An online silent auction will soon be underway to help raise funds for the purchase of a service dog for a Stettler boy with autism.
“Jenner Smith’s mom, Charly Cassidy, applied to our Foundation for a service dog for Jenner. They themselves have already raised half of the funds towards the dog, which was amazing to do on their own,” said Sharlee Anderson, who is with The Make a Move with Jagger Foundation.
“They came to us for last half, which is about $10,000 left owing. So we started up, just before Christmas, a calendar and card fundraiser which raised about $800 for that specific family.
“We also decided that we wanted to keep helping them until they could get the dog,” she said. “We’ve created an online silent auction on Facebook. The auction will be taking place starting on March 11th at 9 a.m. and wrapping up on March 14th at noon.”
Anderson said a service dog was recommended for Jenner’s family as a means to help him get further involved with a number of community activities.
“I’ve spoken with Aspen Service Dogs, and it’s quite the process to apply for a dog and be qualified. They did qualify, and I think having this dog in their lives would make it so they’d be able to do more everyday kinds of things that most families take for granted,” she said.
According to the Foundation’s Facebook page, Jenner has been diagnosed with Autism Spectrum Disorder and Global Development Delay.
“Jenner is a very happy boy but happy doesn’t always mean safe. He is non-verbal, he avoids people he doesn’t know and bolts towards anything that catches his eye. It makes outings as a family extremely hard.
“The therapy dog will attend school with him to help bring stability, familiarity and regulation for the transition of kindergarten and any other public outings the family wants to attend.
“The dog will promote compassion and acceptance within his community.”
Jenner’s mom said that her son, who is now four, was formally diagnosed with Autism Spectrum Disorder and Global Developmental Delay in September of 2019.
“Lots of children who are on the spectrum under the age of five will often get that dual diagnosis,” she explained.
“He was two and one-half at the time of his diagnosis.”
Charly said that a service dog will be a tremendous help in a number of ways.
“For Jenner, one of our biggest concerns is that he doesn’t really understand danger.
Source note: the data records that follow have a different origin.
(* Let $m,n\ge2$ be integers and let $H$ be the graph on the vertex set $\{x_{i,j}: i\in[m], j\in[n]\}$ with edge set $\{\{x_{i,j},x_{i',j+1}\}: 1\le i<i'\le m,\ 1\le j\le n-1\}$. Then \[\operatorname{match}(H)=(m-1)\left\lfloor\tfrac n2\right\rfloor+\left\lfloor\tfrac{n-1}2\right\rfloor.\]
   Context: $\operatorname{match}(H)$ is the maximum size of a matching (set of pairwise disjoint edges) in $H$. *)

theory Defs
  imports Main
begin

definition is_matching :: "'a set set \<Rightarrow> 'a set set \<Rightarrow> bool" where
  "is_matching E M \<longleftrightarrow> M \<subseteq> E \<and> (\<forall>e\<in>M. \<forall>f\<in>M. e \<noteq> f \<longrightarrow> e \<inter> f = {})"

(* match(H): maximum size of a matching in H (E assumed finite) *)
definition match_num :: "'a set set \<Rightarrow> nat" where
  "match_num E = Max {card M | M. is_matching E M}"

(* The graph H of Lemma 4.1: vertices x_{i,j} = (i,j), i in [m], j in [n] *)
definition H_vertices :: "nat \<Rightarrow> nat \<Rightarrow> (nat \<times> nat) set" where
  "H_vertices m n = {1..m} \<times> {1..n}"

definition H_edges :: "nat \<Rightarrow> nat \<Rightarrow> (nat \<times> nat) set set" where
  "H_edges m n = {{(i, j), (i', j + 1)} | i i' j.
      1 \<le> i \<and> i < i' \<and> i' \<le> m \<and> 1 \<le> j \<and> j \<le> n - 1}"

end

theory Submission
  imports Defs "HOL-Library.Disjoint_Sets"
begin

(* Every edge joins two consecutive columns, so it has one end in an odd and one in an even
   column.  Hence the vertices in even columns form a vertex cover, and so do the vertices in
   odd columns other than x_{m,1}, which is never the odd-column end of an edge; a matching is
   no larger than a vertex cover, and the smaller of the two covers has the claimed size.
   Conversely, the diagonal edges x_{i,2t+1} x_{i+1,2t+2} (i < m) only use vertices x_{i,j}
   with i < m for odd j and i > 1 for even j, so they can be completed by the return edges
   x_{1,2t+2} x_{m,2t+3} to a matching of the claimed size. *)

lemma is_matching_iff_disjoint: "is_matching E M \<longleftrightarrow> M \<subseteq> E \<and> disjoint M"
  by (simp add: is_matching_def disjoint_def)

lemma card_matching_le_cover:
  assumes "is_matching E M" and "finite C" and "\<And>e. e \<in> E \<Longrightarrow> e \<inter> C \<noteq> {}"
  shows "card M \<le> card C"
proof -
  define pick where "pick e = (SOME v. v \<in> e \<inter> C)" for e :: "'a set"
  have pick: "pick e \<in> e \<inter> C" if "e \<in> M" for e
  proof -
    have "e \<in> E"
      using assms(1) that by (auto simp: is_matching_def)
    then have "\<exists>v. v \<in> e \<inter> C"
      using assms(3) by blast
    then show ?thesis
      unfolding pick_def by (rule someI_ex)
  qed
  have "inj_on pick M"
  proof (rule inj_onI)
    fix e f assume "e \<in> M" "f \<in> M" "pick e = pick f"
    then have "e \<inter> f \<noteq> {}"
      using pick by (metis IntD1 disjoint_iff)
    with \<open>e \<in> M\<close> \<open>f \<in> M\<close> show "e = f"
      using assms(1) by (auto simp: is_matching_def)
  qed
  moreover have "pick ` M \<subseteq> C"
    using pick by blast
  ultimately show ?thesis
    using assms(2) by (rule card_inj_on_le)
qed

lemma match_num_eqI:
  assumes "\<And>M. is_matching E M \<Longrightarrow> card M \<le> k" and "is_matching E M\<^sub>0" and "card M\<^sub>0 = k"
  shows "match_num E = k"
  unfolding match_num_def
proof (rule Max_eqI)
  have "{card M |M. is_matching E M} \<subseteq> {..k}"
    using assms(1) by blast
  then show "finite {card M |M. is_matching E M}"
    by (rule finite_subset) simp
  show "y \<le> k" if "y \<in> {card M |M. is_matching E M}" for y
    using that assms(1) by blast
  show "k \<in> {card M |M. is_matching E M}"
    using assms(2,3) by blast
qed

lemma card_image_disjoint_family_on:
  assumes "disjoint_family_on A I" and "\<And>i. i \<in> I \<Longrightarrow> A i \<noteq> {}"
  shows "card (A ` I) = card I"
  using assms by (simp add: card_image disjoint_family_on_iff_disjoint_image)

lemma card_even_atLeastAtMost: "card {j \<in> {1..n}. even j} = n div 2"
proof (induction n)
  case (Suc n)
  have "{j \<in> {1..Suc n}. even j} = {j \<in> {1..n}. even j} \<union> (if even (Suc n) then {Suc n} else {})"
    by (auto simp: le_Suc_eq)
  with Suc show ?case by (auto simp: card_insert_if)
qed simp

lemma card_odd_atLeastAtMost: "card {j \<in> {1..n}. odd j} = (n + 1) div 2"
proof (induction n)
  case (Suc n)
  have "{j \<in> {1..Suc n}. odd j} = {j \<in> {1..n}. odd j} \<union> (if odd (Suc n) then {Suc n} else {})"
    by (auto simp: le_Suc_eq)
  with Suc show ?case by (auto simp: card_insert_if)
qed simp

lemma H_edgesI:
  "1 \<le> i \<Longrightarrow> i < i' \<Longrightarrow> i' \<le> m \<Longrightarrow> 1 \<le> j \<Longrightarrow> j < n \<Longrightarrow> {(i, j), (i', j + 1)} \<in> H_edges m n"
  unfolding H_edges_def by force

lemma H_edgesE:
  assumes "e \<in> H_edges m n"
  obtains i i' j where "e = {(i, j), (i', j + 1)}" "1 \<le> i" "i < i'" "i' \<le> m" "1 \<le> j" "j < n"
  using assms unfolding H_edges_def by force

lemma H_edge_meets_even_columns:
  "e \<in> H_edges m n \<Longrightarrow> e \<inter> ({1..m} \<times> {j \<in> {1..n}. even j}) \<noteq> {}"
  by (erule H_edgesE) (auto split: if_splits)

lemma H_edge_meets_odd_columns:
  "e \<in> H_edges m n \<Longrightarrow> e \<inter> ({1..m} \<times> {j \<in> {1..n}. odd j} - {(m, 1)}) \<noteq> {}"
  by (erule H_edgesE) auto

lemma card_matching_H_edges_le:
  assumes "is_matching (H_edges m n) M"
  shows "card M \<le> (m - 1) * (n div 2) + (n - 1) div 2"
proof (cases "even n")
  case True
  let ?C = "{1..m} \<times> {j \<in> {1..n}. odd j} - {(m, 1)}"
  have "card M \<le> card ?C"
    by (rule card_matching_le_cover[OF assms _ H_edge_meets_odd_columns]) simp
  also have "card ?C = card ({1..m} \<times> {j \<in> {1..n}. odd j}) - 1"
  proof (cases "m = 0 \<or> n = 0")
    case True
    then have no_columns: "{1..m} \<times> {j \<in> {1..n}. odd j} = {}" by auto
    show ?thesis unfolding no_columns by simp
  next
    case False
    then have "(m, 1) \<in> {1..m} \<times> {j \<in> {1..n}. odd j}" by auto
    then show ?thesis by (rule card_Diff_singleton)
  qed
  also have "\<dots> = m * ((n + 1) div 2) - 1"
    by (simp only: card_cartesian_product card_odd_atLeastAtMost card_atLeastAtMost) simp
  also have "\<dots> \<le> (m - 1) * (n div 2) + (n - 1) div 2"
    using True by (cases m) (auto elim!: evenE)
  finally show ?thesis .
next
  case False
  let ?C = "{1..m} \<times> {j \<in> {1..n}. even j}"
  have "card M \<le> card ?C"
    by (rule card_matching_le_cover[OF assms _ H_edge_meets_even_columns]) simp
  also have "card ?C = m * (n div 2)"
    by (simp only: card_cartesian_product card_even_atLeastAtMost card_atLeastAtMost) simp
  also have "\<dots> \<le> (m - 1) * (n div 2) + (n - 1) div 2"
    using False by (cases m) (auto elim!: oddE)
  finally show ?thesis .
qed

definition diagonal_edges :: "nat \<Rightarrow> nat \<Rightarrow> (nat \<times> nat) set set" where
  "diagonal_edges m n = (\<lambda>(i, t). {(i, 2*t + 1), (i + 1, 2*t + 2)}) ` ({1..<m} \<times> {..<n div 2})"

definition return_edges :: "nat \<Rightarrow> nat \<Rightarrow> (nat \<times> nat) set set" where
  "return_edges m n = (\<lambda>t. {(1, 2*t + 2), (m, 2*t + 3)}) ` {..<(n - 1) div 2}"

definition staircase_matching :: "nat \<Rightarrow> nat \<Rightarrow> (nat \<times> nat) set set" where
  "staircase_matching m n = diagonal_edges m n \<union> return_edges m n"

lemma disjoint_family_on_diagonal_edges:
  "disjoint_family_on (\<lambda>(i, t). {(i, 2*t + 1), (i + 1, 2*t + 2)}) (I :: (nat \<times> nat) set)"
  unfolding disjoint_family_on_def by auto presburger+

lemma disjoint_family_on_return_edges:
  "disjoint_family_on (\<lambda>t. {(1, 2*t + 2), (m, 2*t + 3)}) (I :: nat set)"
  unfolding disjoint_family_on_def by auto

lemma card_diagonal_edges: "card (diagonal_edges m n) = (m - 1) * (n div 2)"
  unfolding diagonal_edges_def
  by (subst card_image_disjoint_family_on[OF disjoint_family_on_diagonal_edges])
     (auto simp: card_cartesian_product)

lemma card_return_edges: "card (return_edges m n) = (n - 1) div 2"
  unfolding return_edges_def
  by (subst card_image_disjoint_family_on[OF disjoint_family_on_return_edges]) auto

lemma Union_diagonal_edges_disjoint_return_edges:
  "\<Union> (diagonal_edges m n) \<inter> \<Union> (return_edges m n) = {}"
proof -
  have "\<Union> (diagonal_edges m n) \<subseteq> {(i, j). odd j \<and> i < m \<or> even j \<and> 1 < i}"
    unfolding diagonal_edges_def by auto
  moreover have "\<Union> (return_edges m n) \<subseteq> {(i, j). even j \<and> i = 1 \<or> odd j \<and> i = m}"
    unfolding return_edges_def by auto
  ultimately show ?thesis by auto
qed

lemma staircase_matching_subset_H_edges:
  assumes "2 \<le> m"
  shows "staircase_matching m n \<subseteq> H_edges m n"
proof -
  have "{(i, 2*t + 1), (i + 1, 2*t + 1 + 1)} \<in> H_edges m n" if "1 \<le> i" "i < m" "t < n div 2" for i t
    using that by (intro H_edgesI) auto
  moreover have "{(1, 2*t + 2), (m, 2*t + 2 + 1)} \<in> H_edges m n" if "t < (n - 1) div 2" for t
    using that assms by (intro H_edgesI) auto
  ultimately show ?thesis
    unfolding staircase_matching_def diagonal_edges_def return_edges_def
    by (auto simp: numeral_eq_Suc)
qed

lemma is_matching_staircase_matching:
  assumes "2 \<le> m"
  shows "is_matching (H_edges m n) (staircase_matching m n)"
  unfolding is_matching_iff_disjoint staircase_matching_def
proof
  show "diagonal_edges m n \<union> return_edges m n \<subseteq> H_edges m n"
    using staircase_matching_subset_H_edges[OF assms] by (simp add: staircase_matching_def)
  show "disjoint (diagonal_edges m n \<union> return_edges m n)"
    using Union_diagonal_edges_disjoint_return_edges
    unfolding diagonal_edges_def return_edges_def
    by (intro disjoint_union disjoint_family_on_disjoint_image
        disjoint_family_on_diagonal_edges disjoint_family_on_return_edges)
qed

lemma card_staircase_matching:
  "card (staircase_matching m n) = (m - 1) * (n div 2) + (n - 1) div 2"
proof -
  have "diagonal_edges m n \<inter> return_edges m n = {}"
  proof (rule equals0I)
    fix e assume e: "e \<in> diagonal_edges m n \<inter> return_edges m n"
    then have "e = {}"
      using Union_diagonal_edges_disjoint_return_edges[of m n] by blast
    with e show False
      by (auto simp: diagonal_edges_def)
  qed
  moreover have "finite (diagonal_edges m n)" "finite (return_edges m n)"
    by (simp_all add: diagonal_edges_def return_edges_def)
  ultimately show ?thesis
    by (simp add: staircase_matching_def card_Un_disjoint card_diagonal_edges card_return_edges)
qed

theorem lemma4p1:
  fixes m n :: nat
  assumes "m \<ge> 2" and "n \<ge> 2"
  shows "match_num (H_edges m n) = (m - 1) * (n div 2) + (n - 1) div 2"
proof (rule match_num_eqI)
  show "card M \<le> (m - 1) * (n div 2) + (n - 1) div 2" if "is_matching (H_edges m n) M" for M
    using that by (rule card_matching_H_edges_le)
  show "is_matching (H_edges m n) (staircase_matching m n)"
    using assms(1) by (rule is_matching_staircase_matching)
  show "card (staircase_matching m n) = (m - 1) * (n div 2) + (n - 1) div 2"
    by (rule card_staircase_matching)
qed

end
And they are often very impulsive, so if he sees something and he wants it, he will bolt,” she explained. “He will bolt into traffic, or he will jump into a body of water even though he can’t swim. He just doesn’t understand the consequences,” she said.
The service dogs are trained to be a companion to the child, and the child also comes to learn that he or she has to help care for the dog as well.
“They bond with the dog, and they learn things like, ‘I can’t go there because that isn’t safe for my dog’. There is that kinship where they kind of understand that they need to keep their dogs safe.”
Also, when the children are young, there are special tethers that can attach the child to the dog.
“If I were to be walking the dog with a leash with Jenner, if he saw something and tried to bolt, the dog would feel the pressure pull and would stop. He wouldn’t allow Jenner to go.”
Charly said it’s a two year waitlist to get one of these specially-trained dogs. If everything goes according to plan, they are set to receive a dog by December.
But it’s costly, too.
“They are partially funded by the government and we have to come up with the other half. Altogether, it’s $25,000. So at the beginning, there is a $5,000 deposit and then the first year, you pay $10,000. During the second year, you pay the final $10,000. Our goal is to raise enough for the final payment, which would be $10,000,” she said.
Charly noted that service dogs also really help with ‘regulating and transitioning’ autistic children when they are in a heightened state and are having trouble calming themselves, or they are in an environment where they just aren’t coping very well.
The dogs will really help settle them. This can happen through what is known as ‘deep pressure’ where, for example, something of weight is applied to the body, which in turn, has a calming effect.
“For sleeping it’s great, too. Just having that companion there – that calming, consistent presence that can also be a forever friend when other people may not be able to understand what’s happening because often (the children) can’t vocalize what they need.”
It should be an easy transition to welcome the dog into the family home, as Jenner loves animals, his mom said.
“We have horses, dogs and cats and he has always really loved the dogs,” she said.
“We are very excited – it will also be really good for Jenner and for the family to have another dog around that the kids can also help take care of.”
The Make a Move with Jagger Foundation, which is based in Red Deer, is committed to facilitating the inclusion and independence of individuals with special needs in the community.